Menurutnya pada 7 Desember stok beras bulog 1,1 juta ton aman sampai April 2018. “Stok pas-pasan apa memang solusinya impor? Atau ada persoalan tata niaga di Bulog yang salah, yang harus kita benahi,” katanya.
Selain itu, kata Rieke, bila diputuskan untuk impor saat ini maka membutuhkan proses yang memakan waktu satu sampai dua bulan. Artinya, kata Rieke, beras impor baru akan datang pada Februari bahkan April. Tidak bisa langsung datang beras tersebut.
"Dua tahun pemerintahan Jokowi (Presiden Joko Widodo) tidak impor beras. Lalu sekarang tiba-tiba impor, ada apa sebetulnya? Kami dari PDIP juga belum pernah mendengar statemen langsung dari Bapak Jokowi untuk meminta impor beras dalam kondisi jelang panen raya ini," tegasnya.

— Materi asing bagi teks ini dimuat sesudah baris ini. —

(* Let $H\le G$ be finite groups, $Y$ an irreducible unitary representation of $H$, $Y^{\uparrow}=\bigoplus_t t\otimes Y$ the induced unitary representation, $V$ a $G$-subrepresentation of $Y^{\uparrow}$, and $E$ the orthogonal projection onto $e\otimes Y$. Then for every unit vector $\psi\in V$, $$\langle\psi|E\psi\rangle\le\frac{\dim V}{\dim Y^{\uparrow}}.$$
   Context: $Y^{\uparrow}=\mathbb{C}G\otimes_{\mathbb{C}H}Y$ with $t$ ranging over left coset representatives of $H$, equipped with the inner product making the subspaces $t\otimes Y$ pairwise orthogonal, each with the inner product of $Y$; it is then a unitary representation of $G$. *)

theory Defs
  imports "Jordan_Normal_Form.VS_Connect" "HOL-Algebra.Coset"
begin

text \<open>Finite-dimensional complex inner product spaces are modelled as
  complex column vectors of a fixed length with the standard Hermitian inner
  product; the inner product of u and v (linear in the first argument) is
  u \<bullet>c v = sum of u_i * conj v_i.\<close>

definition unitary_mat :: "nat \<Rightarrow> complex mat \<Rightarrow> bool" where
  "unitary_mat d U \<longleftrightarrow> U \<in> carrier_mat d d \<and>
     (\<forall>v \<in> carrier_vec d. \<forall>w \<in> carrier_vec d. cscalar_prod (U *\<^sub>v v) (U *\<^sub>v w) = cscalar_prod v w)"

definition unitary_rep :: "('g, 'b) monoid_scheme \<Rightarrow> 'g set \<Rightarrow> nat \<Rightarrow> ('g \<Rightarrow> complex mat) \<Rightarrow> bool" where
  "unitary_rep G H d \<rho> \<longleftrightarrow>
     (\<forall>h \<in> H. unitary_mat d (\<rho> h)) \<and>
     (\<forall>h1 \<in> H. \<forall>h2 \<in> H. \<rho> (h1 \<otimes>\<^bsub>G\<^esub> h2) = \<rho> h1 * \<rho> h2)"

abbreviation cvec_space :: "nat \<Rightarrow> (complex, complex vec) module" where
  "cvec_space N \<equiv> module_vec TYPE(complex) N"

definition is_subspace :: "nat \<Rightarrow> complex vec set \<Rightarrow> bool" where
  "is_subspace N W \<longleftrightarrow> subspace class_ring W (cvec_space N)"

definition subspace_dim :: "nat \<Rightarrow> complex vec set \<Rightarrow> nat" where
  "subspace_dim N W = vectorspace.dim class_ring ((cvec_space N)\<lparr>carrier := W\<rparr>)"

definition invariant_subspace :: "nat \<Rightarrow> 'g set \<Rightarrow> ('g \<Rightarrow> complex mat) \<Rightarrow> complex vec set \<Rightarrow> bool" where
  "invariant_subspace N K \<rho> W \<longleftrightarrow> is_subspace N W \<and> (\<forall>k \<in> K. \<forall>w \<in> W. \<rho> k *\<^sub>v w \<in> W)"

definition irreducible_rep :: "'g set \<Rightarrow> nat \<Rightarrow> ('g \<Rightarrow> complex mat) \<Rightarrow> bool" where
  "irreducible_rep H d \<rho> \<longleftrightarrow> d > 0 \<and>
     (\<forall>W. invariant_subspace d H \<rho> W \<longrightarrow> W = {0\<^sub>v d} \<or> W = carrier_vec d)"

definition left_transversal :: "('g, 'b) monoid_scheme \<Rightarrow> 'g set \<Rightarrow> 'g list \<Rightarrow> bool" where
  "left_transversal G H ts \<longleftrightarrow> ts \<noteq> [] \<and> ts ! 0 = \<one>\<^bsub>G\<^esub> \<and> set ts \<subseteq> carrier G \<and>
     (\<forall>g \<in> carrier G. \<exists>!i. i < length ts \<and> g \<in> (ts ! i) <#\<^bsub>G\<^esub> H)"

text \<open>The induced representation Y\<up> = \<Oplus>_t t \<otimes> Y, realised on complex^(n*d)
  where n = length ts: coordinate i*d + k is the k-th coordinate of the summand
  (ts!i) \<otimes> Y.  For g \<in> G, g (t_j \<otimes> y) = t_i \<otimes> \<rho>(h) y where g t_j = t_i h, h \<in> H.
  The standard inner product on complex^(n*d) makes the summands t \<otimes> Y
  pairwise orthogonal, each carrying the inner product of Y.\<close>
definition induced_mat :: "('g, 'b) monoid_scheme \<Rightarrow> 'g set \<Rightarrow> 'g list \<Rightarrow> nat \<Rightarrow> ('g \<Rightarrow> complex mat) \<Rightarrow> 'g \<Rightarrow> complex mat" where
  "induced_mat G H ts d \<rho> g = mat (length ts * d) (length ts * d) (\<lambda>(r, c).
     (let i = r div d; k = r mod d; j = c div d; l = c mod d in
      if g \<otimes>\<^bsub>G\<^esub> (ts ! j) \<in> (ts ! i) <#\<^bsub>G\<^esub> H
      then \<rho> (inv\<^bsub>G\<^esub> (ts ! i) \<otimes>\<^bsub>G\<^esub> g \<otimes>\<^bsub>G\<^esub> (ts ! j)) $$ (k, l) else 0))"

definition proj_e :: "nat \<Rightarrow> nat \<Rightarrow> complex mat" where
  "proj_e n d = mat (n * d) (n * d) (\<lambda>(r, c). if r = c \<and> r < d then 1 else 0)"

end

theory Submission
  imports Defs "Jordan_Normal_Form.Spectral_Radius" "Jordan_Normal_Form.Gram_Schmidt"
begin

text \<open>Let P be the orthogonal projection onto V. Since the induced representation is unitary and
  V is invariant, P commutes with every Ind g. Its leading d \<times> d block (the compression of P to
  e \<otimes> Y) then commutes with the irreducible representation of H, so by Schur's lemma it is a
  scalar c; conjugating by the coset representatives shows that every diagonal entry of P equals c,
  and taking traces gives c = dim V / dim Y\<up>. Finally, for the component u = E \<psi> of a unit vector
  \<psi> \<in> V we have \<langle>E\<psi>, \<psi>\<rangle> = |u|^2 = \<langle>P u, \<psi>\<rangle> and |P u|^2 = \<langle>P u, u\<rangle> = c |u|^2, so Cauchy--Schwarz
  yields |u|^4 \<le> c |u|^2.\<close>

lemma cscalar_prod_eq_sum: "dim_vec b = n \<Longrightarrow> a \<bullet>c b = (\<Sum>i<n. a $ i * cnj (b $ i))"
  unfolding scalar_prod_def by (auto simp: lessThan_atLeast0)

lemma cnj_cscalar_prod: "dim_vec a = dim_vec b \<Longrightarrow> cnj (a \<bullet>c b) = b \<bullet>c a"
  by (simp add: cscalar_prod_eq_sum[of _ "dim_vec b"] cscalar_prod_eq_sum[of b "dim_vec a" a] ac_simps)

lemma cscalar_prod_unit_vec_right:
  fixes v :: "complex vec"
  assumes k: "k < n"
  shows "v \<bullet>c unit_vec n k = v $ k"
proof -
  have "v \<bullet>c unit_vec n k = (\<Sum>i<n. v $ i * cnj (unit_vec n k $ i))"
    by (rule cscalar_prod_eq_sum) simp
  also have "\<dots> = (\<Sum>i<n. if i = k then v $ k else 0)" using k by (intro sum.cong) auto
  finally show ?thesis using k by simp
qed

lemma cscalar_prod_unit_vec_left:
  fixes v :: "complex vec"
  shows "v \<in> carrier_vec n \<Longrightarrow> k < n \<Longrightarrow> unit_vec n k \<bullet>c v = cnj (v $ k)"
  using cnj_cscalar_prod[of v "unit_vec n k"] cscalar_prod_unit_vec_right[of k n v] by simp

lemma cscalar_prod_minus_left:
  fixes a b c :: "complex vec"
  assumes "a \<in> carrier_vec n" "b \<in> carrier_vec n" "c \<in> carrier_vec n"
  shows "(a - b) \<bullet>c c = a \<bullet>c c - b \<bullet>c c"
  using minus_scalar_prod_distrib[of a n b "conjugate c"] assms by simp
definition delta :: "nat \<Rightarrow> complex \<Rightarrow> complex \<Rightarrow> complex \<Rightarrow> complex \<Rightarrow> complex \<Rightarrow> complex" where
  "delta i a b c p x =
    [delta0 a b c p x, delta1 a b c p x, delta2 a b c p x, delta3 a b c p x, delta4 a b c p x,
     delta5 a b c p x, delta6 a b c p x, delta7 a b c p x, delta8 a b c p x, delta9 a b c p x] ! i"

end

theory Submission
  imports Defs "HOL-Analysis.FPS_Convergence"
begin

text \<open>
  Write F for the series F(a,b;c;z) and Y = e^(qz) F. Conjugating the hypergeometric equation
  z(1-z)F'' + (c-(a+b+1)z)F' - abF = 0 by e^(qz) replaces F' and F'' by Y' - qY and
  Y'' - 2qY' + q^2 Y, so the coefficients of Y satisfy a recurrence of order three. A polynomial
  combination of eight consecutive instances of it is the recurrence of order ten with the
  coefficients delta_i, and these depend on q only through q^2. Hence both e^(pz) F and e^(-pz) F
  satisfy it, and so does their mean cosh(pz) F, whose coefficients are the u_n by uniqueness of
  power series. The initial values u_0, ..., u_9 are read off the Cauchy product.
\<close>

definition hypergeom_fps :: "complex \<Rightarrow> complex \<Rightarrow> complex \<Rightarrow> complex fps" where
  "hypergeom_fps a b c =
     Abs_fps (\<lambda>n. pochhammer a n * pochhammer b n / (pochhammer c n * fact n))"

lemma eval_hypergeom_fps: "eval_fps (hypergeom_fps a b c) z = hypergeomF a b c z"
  by (simp add: eval_fps_def hypergeom_fps_def hypergeomF_def)

lemma hypergeom_fps_nth_Suc:
  assumes "\<forall>k::nat. c \<noteq> - of_nat k"
  shows "fps_nth (hypergeom_fps a b c) (Suc n)
           = (a + of_nat n) * (b + of_nat n) / ((c + of_nat n) * (of_nat n + 1))
               * fps_nth (hypergeom_fps a b c) n"
proof -
  have "pochhammer c n \<noteq> 0" "c + of_nat n \<noteq> 0"
    using assms by (auto simp: pochhammer_eq_0_iff add_eq_0_iff2)
  then show ?thesis
    by (simp add: hypergeom_fps_def pochhammer_Suc fact_Suc field_simps)
qed
(* For every integer $n\ge 0$, $$\Phi^{(2)}[a; bq^n, b'; c, c'; x, y] = \sum_{k=0}^n \begin{bmatrix} n \\ k \end{bmatrix} q^{2\binom{k}{2}} \frac{(bx)^k (a; q)_k}{(c; q)_k} \Phi^{(2)}[aq^k; bq^k, b'; cq^k, c'; x, y]$$ and $$\Phi^{(2)}[a; bq^{-n}, b'; c, c'; x, y] = \sum_{k=0}^n \begin{bmatrix} n \\ k \end{bmatrix} q^{\binom{k}{2} - nk} \frac{(-bx)^k (a; q)_k}{(c; q)_k} \Phi^{(2)}[aq^k; b, b'; cq^k, c'; x, y].$$
   Context: Let $q$ be a complex number with $0<|q|<1$. For complex $z$ and integer $m\ge 0$, $(z;q)_m=\prod_{j=0}^{m-1}(1-zq^j)$, with $(z;q)_0=1$. For integers $0\le k\le n$, $\begin{bmatrix} n \\ k \end{bmatrix}=\frac{(q;q)_n}{(q;q)_k(q;q)_{n-k}}$ is the $q$-binomial coefficient. The $q$-Appell function $\Phi^{(2)}$ is $$\Phi^{(2)}[a; b, b'; c, c'; x, y] = \sum_{m, n \geq 0} \frac{(a; q)_{m+n} (b; q)_m (b'; q)_n}{(q; q)_m (q; q)_n (c; q)_m (c'; q)_n} x^m y^n.$$ Identities are understood as identities of power series in $x,y$ (formal, or convergent for small $|x|,|y|$), with complex parameters chosen so that no denominator occurring vanishes. *)

theory Defs
  imports "HOL-Analysis.Analysis"
begin

definition qpoch :: "complex \<Rightarrow> complex \<Rightarrow> nat \<Rightarrow> complex" where
  "qpoch z q m = (\<Prod>j<m. 1 - z * q ^ j)"

definition qbinom :: "complex \<Rightarrow> nat \<Rightarrow> nat \<Rightarrow> complex" where
  "qbinom q n k = qpoch q q n / (qpoch q q k * qpoch q q (n - k))"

Selain Rieke, anggota Komisi VI lainnya Djoni Rolindrawan mempertanyakan bagaimana nantinya upaya distribusi di pelabuhan. Artinya, 500.000 ton beras impor tersebut akan didistribusikan ke mana saja.
"Berapa destinasi pelabuhan nanti untuk pemerataan stok ini 500.000 ton? Apa sudah ditentukan sebelumnya atau nanti?" kata Djoni.
Anggota Komisi VI lainnya, Abdul Wahid, mempertanyakan sinkronisasi data yang dimiliki Kementerian Pertanian (Kementan) terkait dengan stok beras yang ada. Dia menyebut, bahwa Kementan selalu mengklaim stok beras yang dimiliki saat ini berlimpah. Namun kenapa Kemendag harus melakukan impor.
"Masalah terkait neraca, tidak punya neraca beras. Ada simpang siur antara Kemendag dan Kementan. Akibat statement Menteri Pertanian, sebenarnya ada masalah harga. Contoh data Kementan tidak akurat Harus ada rapat gabungan," tanyanya tegas.